Exercise
Below are records; how many of their lines contain "types"? Answer with only the number.

____

lemma seqs_eq_frame_list_image:
  "seqs m g k = frame_list m ` {S. S \<subseteq> {1..m} \<and> card S = k \<and> gaps_le g (frame_list m S)}"
proof
  show "seqs m g k \<subseteq> frame_list m ` {S. S \<subseteq> {1..m} \<and> card S = k \<and> gaps_le g (frame_list m S)}"
  proof
    fix xs assume "xs \<in> seqs m g k"
    then obtain ys where xs: "xs = 0 # ys @ [m]" and ys: "length ys = k" "sorted_wrt (<) (0 # ys)"
      "set ys \<subseteq> {..m}" "gaps_le g xs" unfolding in_seqs_iff by blast
    have "sorted_list_of_set (set ys) = ys"
      using ys(2) by (simp add: sorted_list_of_set.idem_if_sorted_distinct strict_sorted_iff)
    then have "xs = frame_list m (set ys)" by (simp add: xs frame_list_def)
    moreover have "set ys \<subseteq> {1..m}" "card (set ys) = k"
      using ys by (auto simp: strict_sorted_iff distinct_card Suc_le_eq subset_iff)
    ultimately show "xs \<in> frame_list m ` {S. S \<subseteq> {1..m} \<and> card S = k \<and> gaps_le g (frame_list m S)}"
      using ys(4) by blast
  qed
  show "frame_list m ` {S. S \<subseteq> {1..m} \<and> card S = k \<and> gaps_le g (frame_list m S)} \<subseteq> seqs m g k"
    using frame_list_in_seqs_iff by blast
qed

lemma inj_on_frame_list: "inj_on (frame_list m) {S. finite S}"
  by (rule inj_onI) (auto simp: frame_list_def dest: sorted_list_of_set_inject)

lemma card_seqs_eq:
  "card (seqs m g k) = card {S. S \<subseteq> {1..m} \<and> card S = k \<and> gaps_le g (frame_list m S)}"
  unfolding seqs_eq_frame_list_image
  by (rule card_image, rule inj_on_subset[OF inj_on_frame_list]) (auto intro: finite_subset)

lemma card_seqs_le_choose: "card (seqs m g k) \<le> m choose k"
proof -
  have "card (seqs m g k) \<le> card {S. S \<subseteq> {1..m} \<and> card S = k}"
    unfolding card_seqs_eq by (rule card_mono) auto
  then show ?thesis by (simp add: n_subsets)
qed

lemma frame_list_gap_block:
  assumes "S \<subseteq> {1..m}" "\<not> gaps_le g (frame_list m S)"
  shows "\<exists>j \<le> m - g. S \<inter> {j+1..j+g} = {}"
proof -
  let ?L = "frame_list m S"
  have "finite S" using assms(1) finite_subset by blast
  then have set_L: "set ?L = insert 0 (insert m S)" and sorted_L: "sorted ?L"
    using assms(1) by (auto simp: frame_list_def sorted_append)
  obtain i where i: "Suc i < length ?L" "g < ?L ! Suc i - ?L ! i"
    using assms(2) by (auto simp: gaps_le_def not_le)
  have "?L ! Suc i \<le> m" using set_L assms(1) i(1) nth_mem by fastforce
  moreover have "S \<inter> {?L ! i + 1 .. ?L ! i + g} = {}"
    using sorted_nth_gap_disjoint[OF sorted_L i(1)] set_L i(2) by fastforce
  ultimately show ?thesis using i(2) by (intro exI[of _ "?L ! i"]) auto
qed

lemma card_seqs_ge_choose:
  assumes "g \<le> m"
  shows "m choose k \<le> card (seqs m g k) + (m - g + 1) * ((m - g) choose k)"
proof -
  define good where "good = {S. S \<subseteq> {1..m} \<and> card S = k \<and> gaps_le g (frame_list m S)}"
  define avoiding where "avoiding j = {S. S \<subseteq> {1..m} - {j+1..j+g} \<and> card S = k}" for j
  have "{S. S \<subseteq> {1..m} \<and> card S = k} \<subseteq> good \<union> (\<Union>j\<le>m-g. avoiding j)"
  proof
    fix S assume S: "S \<in> {S. S \<subseteq> {1..m} \<and> card S = k}"
    show "S \<in> good \<union> (\<Union>j\<le>m-g. avoiding j)"
    proof (cases "gaps_le g (frame_list m S)")
      case True then show ?thesis using S by (simp add: good_def)
    next
      case False
      then obtain j where "j \<le> m - g" "S \<inter> {j+1..j+g} = {}"
        using frame_list_gap_block S by blast
      then show ?thesis using S by (auto simp: avoiding_def)
    qed
  qed
  moreover have "finite (good \<union> (\<Union>j\<le>m-g. avoiding j))"
    by (auto simp: good_def avoiding_def)
  ultimately have "card {S. S \<subseteq> {1..m} \<and> card S = k} \<le> card (good \<union> (\<Union>j\<le>m-g. avoiding j))"
    by (rule card_mono[rotated])
  then have "m choose k \<le> card (good \<union> (\<Union>j\<le>m-g. avoiding j))"
    by (simp add: n_subsets)
  also have "\<dots> \<le> card good + (\<Sum>j\<le>m-g. card (avoiding j))"
    by (intro order.trans[OF card_Un_le] add_left_mono card_UN_le) simp
  also have "(\<Sum>j\<le>m-g. card (avoiding j)) = (m - g + 1) * ((m - g) choose k)"
  proof -
    have "card (avoiding j) = (m - g) choose k" if "j \<le> m - g" for j
    proof -
      have "card ({1..m} - {j+1..j+g}) = m - g"
        using that assms by (subst card_Diff_subset) auto
      then show ?thesis using n_subsets[of "{1..m} - {j+1..j+g}" k] by (simp add: avoiding_def)
    qed
    then show ?thesis by simp
  qed
  finally show ?thesis by (simp add: card_seqs_eq good_def)
qed
(* Let $\rho,\sigma$ be pure $n$-qubit states, and let $\epsilon_1>0$, $\epsilon_2>0$, $\delta>0$. Let $\tilde p_{\mathrm{mix}}$ be a distribution on $\{0,1\}^{2n}$ with $\|p_{\mathrm{mix}}-\tilde p_{\mathrm{mix}}\|_{\mathrm{TV}}<\Delta$. Let $f=\frac12(1+\mathrm{tr}(\rho\sigma))$ and let $f(N_1,N_2)=\frac{1}{N_1}\sum_{i=1}^{N_1}G(\hat\alpha_\rho(x_i),\hat\alpha_\sigma(x_i))$ be the symmetric-protocol estimator. Then $$|f(N_1,N_2)-f|\le 2\epsilon_1+2\sqrt{\epsilon_2}+\frac{F_\rho(\epsilon_2)}{2}+\frac{F_\sigma(\epsilon_2)}{2}+2\Delta$$ with probability at least $1-\delta$, provided that $N_1\ge(2\epsilon_1^2)^{-1}\ln(8/\delta)$ and $N_2\ge(2/\epsilon_2^2)\ln(8N_1/\delta)$.
   Context: Pauli strings $P_x$, $x\in\{0,1\}^{2n}$, are the $n$-qubit Hermitian Pauli strings; $\alpha_\rho(x)=\mathrm{tr}(\rho P_x)$. The Pauli distribution of a pure state is $p_\rho(x)=\alpha_\rho(x)^2/2^n$, and $p_{\mathrm{mix}}=\frac12(p_\rho+p_\sigma)$. Symmetric protocol: draw $x_1,\dots,x_{N_1}$ i.i.d. from $\tilde p_{\mathrm{mix}}$; for each $i$, measure the observable $P_{x_i}$ $N_2$ times on fresh copies of $\rho$ and $N_2$ times on fresh copies of $\sigma$, and let $\hat\alpha_\rho(x_i),\hat\alpha_\sigma(x_i)$ be the empirical means of the $\pm1$ outcomes. $G(u,v)=\frac12\frac{(u+v)^2}{u^2+v^2}$ on $[-1,1]^2\setminus\{(0,0)\}$, with $G(0,0)$ set to an arbitrary fixed value in $[0,1]$. The CDF of a state is $F_\rho(\tau)=\sum_{x:\,\alpha_\rho(x)^2<\tau}p_\rho(x)$. $\|\cdot\|_{\mathrm{TV}}$ is total variation distance. *)

theory Defs
  imports "HOL-Probability.Probability"
begin

text \<open>Computational basis of n qubits: bit strings of length n (True = |1>).\<close>
definition basis :: "nat \<Rightarrow> bool list set" where
  "basis n = {z. length z = n}"

text \<open>Pauli labels x in {0,1}^{2n}, written as a pair (a,b) of n-bit strings;
  on qubit j the factor is I (a_j=b_j=0), X (a_j=1,b_j=0), Z (a_j=0,b_j=1), Y (a_j=b_j=1).\<close>
definition pauli_labels :: "nat \<Rightarrow> (bool list \<times> bool list) set" where
  "pauli_labels n = {(a, b). length a = n \<and> length b = n}"

text \<open>Matrix entry <w|sigma_(a,b)|z> of the single-qubit Hermitian Pauli matrices.\<close>
definition pauli1 :: "bool \<Rightarrow> bool \<Rightarrow> bool \<Rightarrow> bool \<Rightarrow> complex" where
  "pauli1 a b w z =
     (if \<not> a \<and> \<not> b then (if w = z then 1 else 0)
      else if a \<and> \<not> b then (if w \<noteq> z then 1 else 0)
      else if \<not> a \<and> b then (if w = z then (if z then -1 else 1) else 0)
      else (if w \<noteq> z then (if w then \<i> else - \<i>) else 0))"

definition pauli_entry :: "nat \<Rightarrow> bool list \<times> bool list \<Rightarrow> bool list \<Rightarrow> bool list \<Rightarrow> complex" where
  "pauli_entry n x w z = (\<Prod>j<n. pauli1 (fst x ! j) (snd x ! j) (w ! j) (z ! j))"
text \<open>bin_weight n is the stationary law Bin(n, q) of the number of present types. Balancing the
  stationary flow across the edge between j and j + 1, whose up-probability is q(n - j)/n, gives
  the expected time hit_step n j to climb from j to j + 1, so hit_time n k is the expected
  completion time from k present types. Only the harmonic identity hit_time_harmonic, not this
  interpretation, enters the proofs.\<close>

definition hit_step :: "nat \<Rightarrow> nat \<Rightarrow> real" where
  "hit_step n j = bin_cdf n j / (bin_weight n j * (q * (real n - real j) / real n))"

definition hit_time :: "nat \<Rightarrow> nat \<Rightarrow> real" where
  "hit_time n k = (\<Sum>j\<in>{k..<n}. hit_step n j)"

lemma bin_weight_pos: "j \<le> n \<Longrightarrow> 0 < bin_weight n j"
  using p_pos q_pos by (simp add: bin_weight_def)

lemma bin_weight_nonneg: "0 \<le> bin_weight n j"
  using p_pos q_pos by (simp add: bin_weight_def)

lemma bin_weight_le_bin_cdf: "bin_weight n j \<le> bin_cdf n j"
  unfolding bin_cdf_def by (rule member_le_sum) (auto intro: bin_weight_nonneg)

lemma bin_cdf_total: "bin_cdf n n = 1"
  using binomial_ring[of q p n] p_plus_q by (simp add: bin_cdf_def bin_weight_def add.commute)

lemma bin_cdf_le_1: "j \<le> n \<Longrightarrow> bin_cdf n j \<le> 1"
  unfolding bin_cdf_total[of n, symmetric] bin_cdf_def
  by (rule sum_mono2) (auto intro: bin_weight_nonneg)

lemma bin_cdf_tail_le:
  assumes "r \<le> n"
  shows "bin_cdf n (n - r) \<le> real (n choose r) * p ^ r"
proof -
  have "bin_cdf n (n - r) = (\<Sum>l\<le>n - r. real (n choose l) * q ^ l * p ^ (n - l))"
    by (simp add: bin_cdf_def bin_weight_def)
  also have "\<dots> \<le> (\<Sum>l\<le>n - r. real (n choose r) * p ^ r * (real ((n - r) choose l) * q ^ l * p ^ (n - r - l)))"
  proof (rule sum_mono)
    fix l assume l: "l \<in> {..n - r}"
    have "p ^ (n - l) = p ^ r * p ^ (n - r - l)"
      using l assms by (simp flip: power_add)
    moreover have "real (n choose l) \<le> real (n choose r) * real ((n - r) choose l)"
      using choose_le_choose_mult_choose[of l n r] l assms by (simp flip: of_nat_mult)
    ultimately show "real (n choose l) * q ^ l * p ^ (n - l) \<le>
        real (n choose r) * p ^ r * (real ((n - r) choose l) * q ^ l * p ^ (n - r - l))"
      using p_pos q_pos by (simp add: mult_ac mult_right_mono)
  qed
  also have "\<dots> = real (n choose r) * p ^ r * (\<Sum>l\<le>n - r. real ((n - r) choose l) * q ^ l * p ^ (n - r - l))"
    by (simp only: sum_distrib_left)
  also have "(\<Sum>l\<le>n - r. real ((n - r) choose l) * q ^ l * p ^ (n - r - l)) = (q + p) ^ (n - r)"
    by (rule binomial_ring[symmetric])
  finally show ?thesis
    using p_plus_q by (simp add: add.commute)
qed

lemma hit_time_self [simp]: "hit_time n n = 0"
  by (simp add: hit_time_def)

lemma hit_time_Suc: "k < n \<Longrightarrow> hit_time n k = hit_step n k + hit_time n (Suc k)"
  unfolding hit_time_def by (simp add: sum.atLeast_Suc_lessThan)

lemma hit_step_pos: "j < n \<Longrightarrow> 0 < hit_step n j"
  unfolding hit_step_def using bin_weight_le_bin_cdf[of n j] bin_weight_pos[of j n] q_pos
  by (intro divide_pos_pos mult_pos_pos) auto

lemma hit_time_antimono: "k \<le> k' \<Longrightarrow> hit_time n k' \<le> hit_time n k"
  unfolding hit_time_def by (rule sum_mono2) (auto intro: less_imp_le hit_step_pos)

lemma hit_time_pos: "k < n \<Longrightarrow> 0 < hit_time n k"
  using hit_time_Suc[of k n] hit_step_pos[of k n] hit_time_antimono[of "Suc k" n n] by simp

lemma hit_time_nonneg: "0 \<le> hit_time n k"
  using hit_time_pos[of k n] by (cases "k < n") (auto simp: hit_time_def)

lemma hit_step_balance:
  assumes "0 < k" "k < n"
  shows "q * (real n - real k) / n * hit_step n k - p * k / n * hit_step n (k - 1) = 1"
proof -
  obtain j where k: "k = Suc j" using assms by (cases k) auto
  have flow: "bin_weight n j * (q * (real n - real j) / n) = bin_weight n k * (p * k / n)"
  proof -
    have absorb: "real (n - j) * real (n choose j) = real (Suc j) * real (n choose Suc j)"
      using binomial_absorb_comp[of n j] binomial_absorption[of j n] by (metis of_nat_mult)
    have nj: "n - j = Suc (n - k)" "real n - real j = real (n - j)"
      using assms k by (auto simp: of_nat_diff)
    have "bin_weight n j * (q * (real n - real j) / n) =
          (real (n - j) * real (n choose j)) * (q ^ Suc j * p ^ Suc (n - k) / n)"
      unfolding bin_weight_def nj by (simp add: field_simps)
    also have "\<dots> = bin_weight n k * (p * k / n)"
      unfolding absorb bin_weight_def k by (simp add: field_simps)
    finally show ?thesis .
  qed
  have pos: "0 < bin_weight n k" "0 < q * (real n - real k) / n"
    using bin_weight_pos assms q_pos by auto
  have cancel: "a \<noteq> 0 \<Longrightarrow> a * (F / (P * a)) = F / P" for a F P :: real
    by simp
  have "q * (real n - real k) / n * hit_step n k = bin_cdf n k / bin_weight n k"
    unfolding hit_step_def by (rule cancel) (use pos in linarith)
  moreover have "p * k / n * hit_step n (k - 1) = bin_cdf n j / bin_weight n k"
  proof -
    have "hit_step n (k - 1) = bin_cdf n j / (bin_weight n k * (p * k / n))"
      unfolding hit_step_def using k flow by simp
    then show ?thesis
      using pos p_pos assms by (simp add: field_simps)
  qed
  moreover have "bin_cdf n k = bin_cdf n j + bin_weight n k"
    unfolding bin_cdf_def k by simp
  ultimately show ?thesis
    using pos by (simp add: diff_divide_distrib[symmetric])
qed

lemma hit_step_balance_0: "0 < n \<Longrightarrow> q * hit_step n 0 = 1"
  unfolding hit_step_def bin_cdf_def using bin_weight_pos[of 0 n] q_pos by simp

lemma hit_time_harmonic:
  assumes "k < n"
  shows "real k / n * (q * hit_time n k + p * hit_time n (k - 1)) +
     (real n - real k) / n * (q * hit_time n (k + 1) + p * hit_time n k) = hit_time n k - 1"
proof (cases "k = 0")
  case True
  then show ?thesis
    using hit_step_balance_0 hit_time_Suc[of 0 n] assms by (simp add: field_simps flip: one_minus_q)
next
  case False
  have down: "hit_time n (k - 1) = hit_step n (k - 1) + hit_time n k"
    using hit_time_Suc[of "k - 1" n] False assms by simp
  have up: "hit_time n (k + 1) = hit_time n k - hit_step n k"
    using hit_time_Suc[of k n] assms by simp
  show ?thesis
    using hit_step_balance[of k n] False assms unfolding down up
    by (simp add: field_simps flip: one_minus_q)
qed

lemma hit_time_ge_1:
  assumes "k < n"
  shows "1 \<le> hit_time n k"
proof -
  have "0 \<le> real k / n * (q * hit_time n k + p * hit_time n (k - 1)) +
     (real n - real k) / n * (q * hit_time n (k + 1) + p * hit_time n k)"
    using assms p_pos q_pos hit_time_nonneg by (intro add_nonneg_nonneg mult_nonneg_nonneg) auto
  then show ?thesis
    using hit_time_harmonic[OF assms] by simp
qed

section \<open>Geometric bounds on the tail of the completion time\<close>

lemma sum_clumsy_step_hit_time:
  assumes "A \<subseteq> {..<n}" "A \<noteq> {..<n}"
  shows "(\<Sum>x\<in>{..<n} \<times> UNIV. pmf (clumsy_step n q) x * hit_time n (card (clumsy_update A x))) =
     hit_time n (card A) - 1"
  using sum_clumsy_step_card_update[of n q A "hit_time n"]
    hit_time_harmonic[OF card_less_of_subset_lessThan[OF assms]]
    card_less_of_subset_lessThan[OF assms] assms(1) less_imp_le[OF q_pos] less_imp_le[OF q_lt_1]
  by (simp add: one_minus_q)
lemma op_spectrum_J_minus_periodic:
  fixes B :: "nat \<Rightarrow> resonator list" and chiM :: "nat list"
  defines "R \<equiv> fin_array B chiM"
  assumes blocks: "\<forall>d\<in>set chiM. is_block (B d)" and N: "length R \<ge> 2"
    and eig: "neumann_eigen (length R) (\<lambda>i. material_sqrt (R ! i)) (\<lambda>i. 1 / rspace (R ! i)) x z"
    and xN: "x (length R - 1) \<noteq> 0" and c: "c * x (length R - 1) = x 0" and c_le_1: "cmod c \<le> 1"
  shows "z \<in> op_spectrum {i. i < 0} (J_minus B (\<lambda>k. chiM ! (length chiM - 1 - k mod length chiM)))"
proof -
  define chi where "chi k = chiM ! (length chiM - 1 - k mod length chiM)" for k
  define r where "r = half_line_res B chi"
  have M: "chiM \<noteq> []" using N by (auto simp: R_def fin_array_def)
  then have chi: "is_block (B (chi k))" for k using blocks by (simp add: chi_def)
  have r: "r (- int n - 1) = R ! (length R - 1 - n mod length R)" for n
    using half_line_res_periodic_neg[of chiM B n] M blocks
    by (simp add: r_def chi_def[abs_def] R_def is_block_def)
  have r': "r (- int n - 2) = R ! (length R - 1 - (n + 1) mod length R)" for n
    using r[of "n + 1"] by (simp add: algebra_simps)
  note r_pos = half_line_res_pos[of B chi, OF chi, folded r_def]
  show ?thesis
    unfolding chi_def[symmetric]
  proof (rule op_spectrum_periodic_neumann_jacobi[where \<phi> = "\<lambda>j. - int j - 1"
        and q = "\<lambda>j. material_sqrt (r (- int j - 1))" and w = "\<lambda>j. 1 / rspace (r (- int j - 2))"
        and x = "\<lambda>j. x (length R - 1 - j)"])
    show "inj (\<lambda>j. - int j - 1)" by (auto intro: injI)
    show "range (\<lambda>j. - int j - 1) = {i :: int. i < 0}"
      by (auto intro: range_eqI[of _ _ "nat (- _ - 1)"])
    show "material_sqrt (r (- int (j + length R) - 1)) = material_sqrt (r (- int j - 1))"
      "1 / rspace (r (- int (j + length R) - 2)) = 1 / rspace (r (- int j - 2))" for j
      using r[of j] r[of "j + length R"] r'[of j] r'[of "j + length R"]
      by (simp_all flip: add_Suc)
    show "material_sqrt (r (- int j - 1)) \<noteq> 0" for j
      using material_sqrt_pos[OF r_pos(1,2)] by (simp add: less_imp_neq[symmetric])
    show "J_minus B chi u (- int j - 1) = of_real (material_sqrt (r (- int j - 1)))
        * neumann_lap (\<lambda>j. 1 / rspace (r (- int j - 2)))
            (\<lambda>i. of_real (material_sqrt (r (- int i - 1))) * u (- int i - 1)) j"
      for u j unfolding r_def by (rule J_minus_neumann_form) (rule r_pos(2)[unfolded r_def])
    show "neumann_eigen (length R) (\<lambda>j. material_sqrt (r (- int j - 1)))
        (\<lambda>j. 1 / rspace (r (- int j - 2))) (\<lambda>j. x (length R - 1 - j)) z"
      using N by (intro neumann_eigen_cong[OF neumann_eigen_rev[OF eig]]) (simp_all add: r r')
  qed (use N xN c c_le_1 in auto)
qed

____

Response area
2